Re-ORIENT-ing antitumor immunity in EGFR-mutant non-small cell lung cancer: are antiangiogenics the key?

For patients with advanced or metastatic non-small cell lung cancer (mNSCLC) harboring sensitizing mutations in the epidermal growth factor receptor (EGFR) tyrosine kinase domain (L858R and Ex19Del), targeted molecular therapy with EGFR-directed tyrosine kinase inhibitors (TKIs) have revolutionized the therapeutic landscape for this biomarker selected population (1).

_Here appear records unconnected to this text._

(* Let $G=(V,E)$ with $V=\{v_1,\dots,v_n\}$ be an undirected graph in which every vertex has degree 2 or 3 and which has no cycles of length 3 or 4, and let $\alpha(G)$ be the maximum size of an independent set of $G$. Fix a total order $\pi$ on $V$. Call $v_i$ of type 1 if $\deg(v_i)=3$ and all its neighbors are before it or all are after it in $\pi$; type 2 if $\deg(v_i)=3$ otherwise; type 3 if $\deg(v_i)=2$ and both neighbors are before it or both are after it; type 4 if $\deg(v_i)=2$ otherwise. Construct the DAG $D=(S\uplus I,A)$: create a set $T\subseteq S$ of 4 vertices; for each $i$ create an internal vertex $u_i\in I$ and sets $I_i,O_i\subseteq S$ of 4 vertices each; add all arcs from $I_i$ to $\{u_i\}\cup T$ and all arcs from $u_i$ to $O_i\cup T$; add exactly $14,16,11,12$ arcs (arbitrary ones) from $I_i$ to $O_i$ when $v_i$ has type $1,2,3,4$ respectively; and for each edge $\{v_i,v_j\}\in E$ with $v_i$ before $v_j$ in $\pi$ add the arc $(u_i,u_j)$. Let $m'=|A|$. Then for every integer $k\ge0$, $G$ has an independent set of size at least $k$ if and only if there is an elimination sequence $\sigma$ of vertices of $I$ such that $D_\sigma$ has at most $m'-k$ arcs. Equivalently, the minimum number of arcs of $D_\sigma$ over all elimination sequences $\sigma$ equals $m'-\alpha(G)$.
   Context: Eliminating a vertex $v$ of a DAG produces the DAG obtained by deleting $v$ and adding every arc $(x,y)$ with $x$ an in-neighbor and $y$ an out-neighbor of $v$ that is not already present. An elimination sequence is a sequence of distinct internal vertices (of any length), and $D_\sigma$ is the result of eliminating them in order. An independent set is a vertex set containing no edge of $G$. *)

theory Defs
  imports Main
begin

definition eliminate :: "('n \<times> 'n) set \<Rightarrow> 'n \<Rightarrow> ('n \<times> 'n) set" where
  "eliminate A v = {(x, y). (x, y) \<in> A \<and> x \<noteq> v \<and> y \<noteq> v}
                   \<union> {(x, y). (x, v) \<in> A \<and> (v, y) \<in> A}"

definition eliminate_seq :: "('n \<times> 'n) set \<Rightarrow> 'n list \<Rightarrow> ('n \<times> 'n) set" where
  "eliminate_seq A \<sigma> = fold (\<lambda>v B. eliminate B v) \<sigma> A"

definition elimination_sequence :: "'n set \<Rightarrow> 'n list \<Rightarrow> bool" where
  "elimination_sequence I \<sigma> \<longleftrightarrow> distinct \<sigma> \<and> set \<sigma> \<subseteq> I"

definition ugraph :: "'v set \<Rightarrow> ('v \<Rightarrow> 'v \<Rightarrow> bool) \<Rightarrow> bool" where
  "ugraph V E \<longleftrightarrow> finite V \<and> (\<forall>x y. E x y \<longrightarrow> x \<in> V \<and> y \<in> V \<and> x \<noteq> y \<and> E y x)"

definition nbrs :: "'v set \<Rightarrow> ('v \<Rightarrow> 'v \<Rightarrow> bool) \<Rightarrow> 'v \<Rightarrow> 'v set" where
  "nbrs V E v = {w \<in> V. E v w}"

definition deg :: "'v set \<Rightarrow> ('v \<Rightarrow> 'v \<Rightarrow> bool) \<Rightarrow> 'v \<Rightarrow> nat" where
  "deg V E v = card (nbrs V E v)"

definition no_C3_C4 :: "'v set \<Rightarrow> ('v \<Rightarrow> 'v \<Rightarrow> bool) \<Rightarrow> bool" where
  "no_C3_C4 V E \<longleftrightarrow>
     (\<nexists>a b c. a \<in> V \<and> b \<in> V \<and> c \<in> V \<and> E a b \<and> E b c \<and> E c a) \<and>
     (\<nexists>a b c d. a \<in> V \<and> b \<in> V \<and> c \<in> V \<and> d \<in> V \<and> distinct [a, b, c, d] \<and>
                E a b \<and> E b c \<and> E c d \<and> E d a)"

definition independent_set :: "'v set \<Rightarrow> ('v \<Rightarrow> 'v \<Rightarrow> bool) \<Rightarrow> 'v set \<Rightarrow> bool" where
  "independent_set V E S \<longleftrightarrow> S \<subseteq> V \<and> (\<forall>x\<in>S. \<forall>y\<in>S. \<not> E x y)"

definition independence_number :: "'v set \<Rightarrow> ('v \<Rightarrow> 'v \<Rightarrow> bool) \<Rightarrow> nat" where
  "independence_number V E = Max {card S | S. independent_set V E S}"

text \<open>The total order \<pi> on V is given by a list vs enumerating V without repetitions;
x is before y iff x occurs earlier in vs.\<close>

definition before :: "'v list \<Rightarrow> 'v \<Rightarrow> 'v \<Rightarrow> bool" where
  "before vs x y \<longleftrightarrow> (\<exists>i j. i < j \<and> j < length vs \<and> vs ! i = x \<and> vs ! j = y)"

definition one_sided :: "'v list \<Rightarrow> ('v \<Rightarrow> 'v \<Rightarrow> bool) \<Rightarrow> 'v \<Rightarrow> bool" where
  "one_sided vs E v \<longleftrightarrow>
     (\<forall>w \<in> nbrs (set vs) E v. before vs w v) \<or> (\<forall>w \<in> nbrs (set vs) E v. before vs v w)"

definition vtype :: "'v list \<Rightarrow> ('v \<Rightarrow> 'v \<Rightarrow> bool) \<Rightarrow> 'v \<Rightarrow> nat" where
  "vtype vs E v =
     (if deg (set vs) E v = 3 then (if one_sided vs E v then 1 else 2)
      else (if one_sided vs E v then 3 else 4))"

definition gadget_arcs :: "'v list \<Rightarrow> ('v \<Rightarrow> 'v \<Rightarrow> bool) \<Rightarrow> 'v \<Rightarrow> nat" where
  "gadget_arcs vs E v =
     (case vtype vs E v of Suc 0 \<Rightarrow> 14 | Suc (Suc 0) \<Rightarrow> 16 | Suc (Suc (Suc 0)) \<Rightarrow> 11 | _ \<Rightarrow> 12)"

datatype 'v dnode = Tn nat | Uv 'v | Inn 'v nat | Outn 'v nat

text \<open>T = {Tn 0..Tn 3}; u_i = Uv v; I_i = {Inn v 0..Inn v 3}; O_i = {Outn v 0..Outn v 3}.
X v \<subseteq> {0..3} \<times> {0..3} selects which arcs (Inn v a, Outn v b) are added.\<close>

definition internal :: "'v list \<Rightarrow> 'v dnode set" where
  "internal vs = Uv ` set vs"
(* Let $I$ be an instance of 3-SAT$^*$ with 1-in-3-clauses $C_0,\dots,C_{m-1}$, 2-in-3-clauses $C_m,\dots,C_{2m-1}$ and variables $x_0,\dots,x_{n-1}$, and let $\kappa:[n]\times[4]\to[2m]\times[3]$ be the bijection mapping $(j,t)$ to the (clause index, position in that clause) of the first ($t=0$) or second ($t=1$) positive occurrence of $x_j$, or of the first ($t=2$) or second ($t=3$) negative occurrence of $x_j$. Construct the restricted assignment instance $I'$ as follows. Machines: truth assignment machines $\mathtt{TMach}(j,q)$ for $j\in[n],q\in[2]$, and clause machines $\mathtt{CMach}(i,s)$ for $i\in[2m],s\in[3]$. Jobs: (i) for each $j\in[n]$ a truth assignment job $\mathtt{TJob}(j)$ of size $2$ eligible on $\{\mathtt{TMach}(j,0),\mathtt{TMach}(j,1)\}$; (ii) for each $i\in[2m]$ and $s\in[3]$ a clause job $\mathtt{CJob}(i,s)$ eligible on $\{\mathtt{CMach}(i,s'):s'\in[3]\}$, where $\mathtt{CJob}(i,0)$ has size $1$, $\mathtt{CJob}(i,2)$ has size $2$, and $\mathtt{CJob}(i,1)$ has size $2$ if $C_i$ is a 1-in-3-clause and size $1$ otherwise; (iii) for each $j\in[n]$, $t\in[4]$ a variable job $\mathtt{VJob}(j,t)$ of size $1$ eligible on $\{\mathtt{TMach}(j,\lfloor t/2\rfloor),\mathtt{CMach}(\kappa(j,t))\}$. Then there is a satisfying truth assignment for $I$ if and only if there is a schedule of makespan $2$ for $I'$.
   Context: Notation: $[k]=\{0,\dots,k-1\}$. A 3-SAT$^*$ instance is a conjunction of clauses each with exactly 3 literals, each clause being either a 1-in-3-clause (satisfied iff exactly one of its literals is true) or a 2-in-3-clause (satisfied iff exactly two of its literals are true); there are equally many 1-in-3- and 2-in-3-clauses, and each literal ($x_j$ and $\neg x_j$ for every variable) occurs exactly twice. Restricted assignment: each job has a size and a set of eligible machines, a schedule assigns each job to an eligible machine, and the makespan is the maximum total size assigned to a machine. *)

theory Defs
  imports Main
begin

text \<open>An instance with variables x_0..x_{n-1} and clauses C_0..C_{2m-1}.
  lit i s = (j, b): the literal at position s of clause C_i is x_j if b, and not x_j otherwise.\<close>

definition occurrences :: "(nat \<Rightarrow> nat \<Rightarrow> nat \<times> bool) \<Rightarrow> nat \<Rightarrow> nat \<times> bool \<Rightarrow> (nat \<times> nat) set" where
  "occurrences lit m l = {(i, s). i < 2 * m \<and> s < 3 \<and> lit i s = l}"

definition sat3_star_instance :: "nat \<Rightarrow> nat \<Rightarrow> (nat \<Rightarrow> nat \<Rightarrow> nat \<times> bool) \<Rightarrow> bool" where
  "sat3_star_instance n m lit \<longleftrightarrow>
     (\<forall>i < 2 * m. \<forall>s < 3. fst (lit i s) < n) \<and>
     (\<forall>j < n. \<forall>b. card (occurrences lit m (j, b)) = 2)"

definition lit_true :: "(nat \<Rightarrow> bool) \<Rightarrow> nat \<times> bool \<Rightarrow> bool" where
  "lit_true \<alpha> l \<longleftrightarrow> \<alpha> (fst l) = snd l"

definition num_true :: "(nat \<Rightarrow> nat \<Rightarrow> nat \<times> bool) \<Rightarrow> (nat \<Rightarrow> bool) \<Rightarrow> nat \<Rightarrow> nat" where
  "num_true lit \<alpha> i = card {s. s < 3 \<and> lit_true \<alpha> (lit i s)}"

definition satisfies :: "nat \<Rightarrow> (nat \<Rightarrow> nat \<Rightarrow> nat \<times> bool) \<Rightarrow> (nat \<Rightarrow> bool) \<Rightarrow> bool" where
  "satisfies m lit \<alpha> \<longleftrightarrow>
     (\<forall>i < m. num_true lit \<alpha> i = 1) \<and> (\<forall>i. m \<le> i \<and> i < 2 * m \<longrightarrow> num_true lit \<alpha> i = 2)"

text \<open>Occurrence positions are ordered by (clause index, position), i.e. by 3i+s.\<close>
definition pos_index :: "nat \<times> nat \<Rightarrow> nat" where
  "pos_index p = 3 * fst p + snd p"

definition is_kappa :: "nat \<Rightarrow> nat \<Rightarrow> (nat \<Rightarrow> nat \<Rightarrow> nat \<times> bool) \<Rightarrow> (nat \<Rightarrow> nat \<Rightarrow> nat \<times> nat) \<Rightarrow> bool" where
  "is_kappa n m lit \<kappa> \<longleftrightarrow>
     bij_betw (\<lambda>(j, t). \<kappa> j t) ({..<n} \<times> {..<4}) ({..<2 * m} \<times> {..<3}) \<and>
     (\<forall>j < n. \<forall>t < 4. lit (fst (\<kappa> j t)) (snd (\<kappa> j t)) = (j, t < 2)) \<and>
     (\<forall>j < n. pos_index (\<kappa> j 0) < pos_index (\<kappa> j 1) \<and> pos_index (\<kappa> j 2) < pos_index (\<kappa> j 3))"

definition load :: "'j set \<Rightarrow> ('j \<Rightarrow> nat) \<Rightarrow> ('j \<Rightarrow> 'm) \<Rightarrow> 'm \<Rightarrow> nat" where
  "load J p \<sigma> i = (\<Sum>j\<in>{j\<in>J. \<sigma> j = i}. p j)"

definition is_schedule :: "'j set \<Rightarrow> ('j \<Rightarrow> 'm set) \<Rightarrow> ('j \<Rightarrow> 'm) \<Rightarrow> bool" where
  "is_schedule J elig \<sigma> \<longleftrightarrow> (\<forall>j\<in>J. \<sigma> j \<in> elig j)"

definition makespan :: "'m set \<Rightarrow> 'j set \<Rightarrow> ('j \<Rightarrow> nat) \<Rightarrow> ('j \<Rightarrow> 'm) \<Rightarrow> nat" where
  "makespan M J p \<sigma> = Max (insert 0 (load J p \<sigma> ` M))"

datatype mach = TMach nat nat | CMach nat nat
datatype job = TJob nat | CJob nat nat | VJob nat nat

definition red_machines :: "nat \<Rightarrow> nat \<Rightarrow> mach set" where
  "red_machines n m = {TMach j q | j q. j < n \<and> q < 2} \<union> {CMach i s | i s. i < 2 * m \<and> s < 3}"

definition red_jobs :: "nat \<Rightarrow> nat \<Rightarrow> job set" where
  "red_jobs n m = {TJob j | j. j < n} \<union> {CJob i s | i s. i < 2 * m \<and> s < 3}
                  \<union> {VJob j t | j t. j < n \<and> t < 4}"

fun red_size :: "nat \<Rightarrow> job \<Rightarrow> nat" where
  "red_size m (TJob j) = 2"
| "red_size m (CJob i s) = (if s = 0 then 1 else if s = 2 then 2 else (if i < m then 2 else 1))"
| "red_size m (VJob j t) = 1"

fun red_elig :: "(nat \<Rightarrow> nat \<Rightarrow> nat \<times> nat) \<Rightarrow> job \<Rightarrow> mach set" where
  "red_elig \<kappa> (TJob j) = {TMach j 0, TMach j 1}"
| "red_elig \<kappa> (CJob i s) = {CMach i s' | s'. s' < 3}"
| "red_elig \<kappa> (VJob j t) = {TMach j (t div 2), CMach (fst (\<kappa> j t)) (snd (\<kappa> j t))}"

end

theory Submission
  imports Defs
begin

text \<open>Given a satisfying assignment, put TJob(j) on the truth-assignment machine of the value of
  x_j: the variable jobs of the true occurrences then go to their clause machines, those of the
  false occurrences to the other truth-assignment machine of their variable. A 1-in-3-clause
  needs one true position and has one clause job of size 1, a 2-in-3-clause needs two and has
  two, so within each clause the clause jobs can be permuted onto the clause machines with the
  size-1 jobs exactly on the true positions.

  Conversely, read x_j off the machine of TJob(j). Then the variable job of every true occurrence
  sits on its clause machine, so the three machines of a clause with demand d (1 or 2) carry
  clause jobs of total size 6 - d plus one unit per true position: at most d positions are true.
  Each variable has exactly two true occurrences, so there are 2n = 3m true positions in total,
  which is the total demand; hence every clause meets its demand exactly.\<close>

lemma is_scheduleD: "is_schedule J elig \<sigma> \<Longrightarrow> x \<in> J \<Longrightarrow> \<sigma> x \<in> elig x"
  unfolding is_schedule_def by blast

lemma makespan_le_iff:
  assumes "finite M"
  shows "makespan M J p \<sigma> \<le> c \<longleftrightarrow> (\<forall>k\<in>M. load J p \<sigma> k \<le> c)"
  using assms unfolding makespan_def by auto

lemma load_le_sum:
  assumes "finite B" "{x\<in>J. \<sigma> x = k} \<subseteq> B"
  shows "load J p \<sigma> k \<le> sum p B"
  unfolding load_def using assms by (rule sum_mono2) auto

lemma load_ge_two_jobs:
  assumes "finite J" "x \<in> J" "y \<in> J" "x \<noteq> y" "\<sigma> x = k" "\<sigma> y = k"
  shows "p x + p y \<le> load J p \<sigma> k"
proof -
  have "p x + p y = sum p {x, y}" using assms(4) by simp
  also have "\<dots> \<le> load J p \<sigma> k"
    unfolding load_def by (rule sum_mono2) (use assms in auto)
  finally show ?thesis .
qed

lemma sum_load:
  assumes "finite J" "finite K"
  shows "(\<Sum>k\<in>K. load J p \<sigma> k) = sum p {x\<in>J. \<sigma> x \<in> K}"
proof -
  have "(\<Sum>k\<in>K. load J p \<sigma> k) = (\<Sum>k\<in>K. sum p {x. x \<in> {x\<in>J. \<sigma> x \<in> K} \<and> \<sigma> x = k})"
    unfolding load_def by (intro sum.cong) auto
  also have "\<dots> = sum p {x\<in>J. \<sigma> x \<in> K}"
    using assms by (intro sum.group) auto
  finally show ?thesis .
qed

lemma sum_le_card_mult_load_bound:
  assumes "finite J" "finite K" "X \<subseteq> J" "\<sigma> ` X \<subseteq> K" "\<forall>k\<in>K. load J p \<sigma> k \<le> c"
  shows "sum p X \<le> card K * c"
proof -
  have "sum p X \<le> sum p {x\<in>J. \<sigma> x \<in> K}"
    using assms by (intro sum_mono2) auto
  also have "\<dots> = (\<Sum>k\<in>K. load J p \<sigma> k)"
    using assms by (simp add: sum_load)
  also have "\<dots> \<le> card K * c"
    using assms(5) sum_bounded_above[of K "load J p \<sigma>" c] by simp
  finally show ?thesis .
qed

lemma bij_betw_respecting_subsets:
  assumes "finite A" "finite B" "card A = card B"
    and "A' \<subseteq> A" "B' \<subseteq> B" "card A' = card B'"
  obtains f where "bij_betw f A B" "\<And>a. a \<in> A \<Longrightarrow> f a \<in> B' \<longleftrightarrow> a \<in> A'"
proof -
  have fin: "finite A'" "finite B'" using assms finite_subset by auto
  obtain g where g: "bij_betw g A' B'"
    using finite_same_card_bij[OF fin assms(6)] by blast
  have "card (A - A') = card (B - B')"
    using assms fin by (simp add: card_Diff_subset)
  then obtain h where h: "bij_betw h (A - A') (B - B')"
    using finite_same_card_bij assms(1,2) by blast
  define f where "f a = (if a \<in> A' then g a else h a)" for a
  have "bij_betw f A' B'" using g by (rule bij_betw_cong[THEN iffD1, rotated]) (simp add: f_def)
  moreover have "bij_betw f (A - A') (B - B')"
    using h by (rule bij_betw_cong[THEN iffD1, rotated]) (simp add: f_def)
  ultimately have "bij_betw f (A' \<union> (A - A')) (B' \<union> (B - B'))"
    by (rule bij_betw_combine) auto
  then have "bij_betw f A B" using assms(4,5) by (simp add: Un_absorb1)
  moreover have "f a \<in> B' \<longleftrightarrow> a \<in> A'" if "a \<in> A" for a
    using that g h unfolding f_def bij_betw_def by auto
  ultimately show ?thesis by (rule that)
qed

lemma TMach_in_red_machines [simp]: "TMach j q \<in> red_machines n m \<longleftrightarrow> j < n \<and> q < 2"
  and CMach_in_red_machines [simp]: "CMach i s \<in> red_machines n m \<longleftrightarrow> i < 2 * m \<and> s < 3"
  unfolding red_machines_def by auto

lemma TJob_in_red_jobs [simp]: "TJob j \<in> red_jobs n m \<longleftrightarrow> j < n"
  and CJob_in_red_jobs [simp]: "CJob i s \<in> red_jobs n m \<longleftrightarrow> i < 2 * m \<and> s < 3"
  and VJob_in_red_jobs [simp]: "VJob j t \<in> red_jobs n m \<longleftrightarrow> j < n \<and> t < 4"
  unfolding red_jobs_def by auto

lemma finite_red_machines: "finite (red_machines n m)"
proof -
  have "red_machines n m
      = case_prod TMach ` ({..<n} \<times> {..<2}) \<union> case_prod CMach ` ({..<2 * m} \<times> {..<3})"
    unfolding red_machines_def by auto
  then show ?thesis by simp
qed

lemma finite_red_jobs: "finite (red_jobs n m)"
proof -
  have "red_jobs n m = TJob ` {..<n} \<union> case_prod CJob ` ({..<2 * m} \<times> {..<3})
      \<union> case_prod VJob ` ({..<n} \<times> {..<4})"
    unfolding red_jobs_def by auto
  then show ?thesis by simp
qed

definition clause_demand :: "nat \<Rightarrow> nat \<Rightarrow> nat" where
  "clause_demand m i = (if i < m then 1 else 2)"

lemma satisfies_iff_clause_demand:
  "satisfies m lit \<alpha> \<longleftrightarrow> (\<forall>i < 2 * m. num_true lit \<alpha> i = clause_demand m i)"
  unfolding satisfies_def clause_demand_def by fastforce

lemma sum_clause_demand: "(\<Sum>i<2 * m. clause_demand m i) = 3 * m"
proof -
  have "(\<Sum>i<2 * m. clause_demand m i)
      = (\<Sum>i<m. clause_demand m i) + (\<Sum>i=m..<2 * m. clause_demand m i)"
    by (simp add: lessThan_atLeast0 sum.atLeastLessThan_concat)
  also have "\<dots> = (\<Sum>i<m. 1) + (\<Sum>i=m..<2 * m. 2)"
    unfolding clause_demand_def by (intro arg_cong2[where f = "(+)"] sum.cong) auto
  finally show ?thesis by simp
qed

Despite the remarkable success of EGFR TKIs generating sustained disease response, acquired resistance to targeted therapy and progressive disease is inevitable. The adoption of immune checkpoint inhibitors (ICI), specifically targeting the PD-1/PD-L1 axis, into the treatment paradigm of advanced non-small cell lung cancer (NSCLC) lacking an actionable oncogene (e.g., EGFR), has demonstrated the ability to induce durable clinical responses and improve survival outcomes for a select subset of patients (2). As such, numerous ongoing research efforts are exploring the role of incorporating anti-PD-(L)1 ICI into the treatment landscape of EGFR-mt NSCLC. However, initial attempts to incorporate ICI demonstrated that single agent immunotherapy is not an effective approach in the subsequent line or as a first line approach even with a concurrent high level of tumor PD-L1 expression (3,4). One potential strategy for post-TKI therapy emerged from IMpower150, a phase III trial testing atezolizumab immunotherapy in combinations including chemotherapy and bevacizumab. Exploratory analyses demonstrated patients with EGFR-mt NSCLC had improved progression free survival (PFS) with atezolizumab, bevacizumab, carboplatin, and paclitaxel (ABCP) compared to BCP (5). The prospective phase-III ORIENT-31 trial follows up on this observation.

The ORIENT-31 trial is a randomized, double-blind, phase III trial ongoing in multiple institutions across China. Patients with EGFR-mt NSCLC who had progressed after an EGFR-targeting TKI were eligible and were randomly assigned (1:1:1) to receive sintilimab (anti-PD-1), plus IBI305 (bevacizumab biosimilar), pemetrexed, and cisplatin (arm A), sintilimab plus pemetrexed and cisplatin (arm B), or pemetrexed and cisplatin alone (arm C). At the first planned interim analysis, a significant PFS benefit was reported in arm A with the quadruplet regimen (sintilimab/IBI305/cisplatin/pemetrexed) compared to chemotherapy alone [mPFS 6.9 vs. 4.3 months; hazard ratio (HR) 0.46; 95% confidence interval (CI): 0.34–0.64; P<0.0001] (6). Importantly, the survival benefit of quadruplet therapy was maintained across multiple key subgroups, including patients with brain metastases, which accounted for approximately half of subjects enrolled (7).

While we await overall survival data in follow-up to these promising PFS results from the ORIENT-31 trial, several lines of evidence suggest a role for chemoimmunotherapy (chemo-ICI) with antiangiogenic therapy (VEGFi) in post-TKI EGFR-mt NSCLC.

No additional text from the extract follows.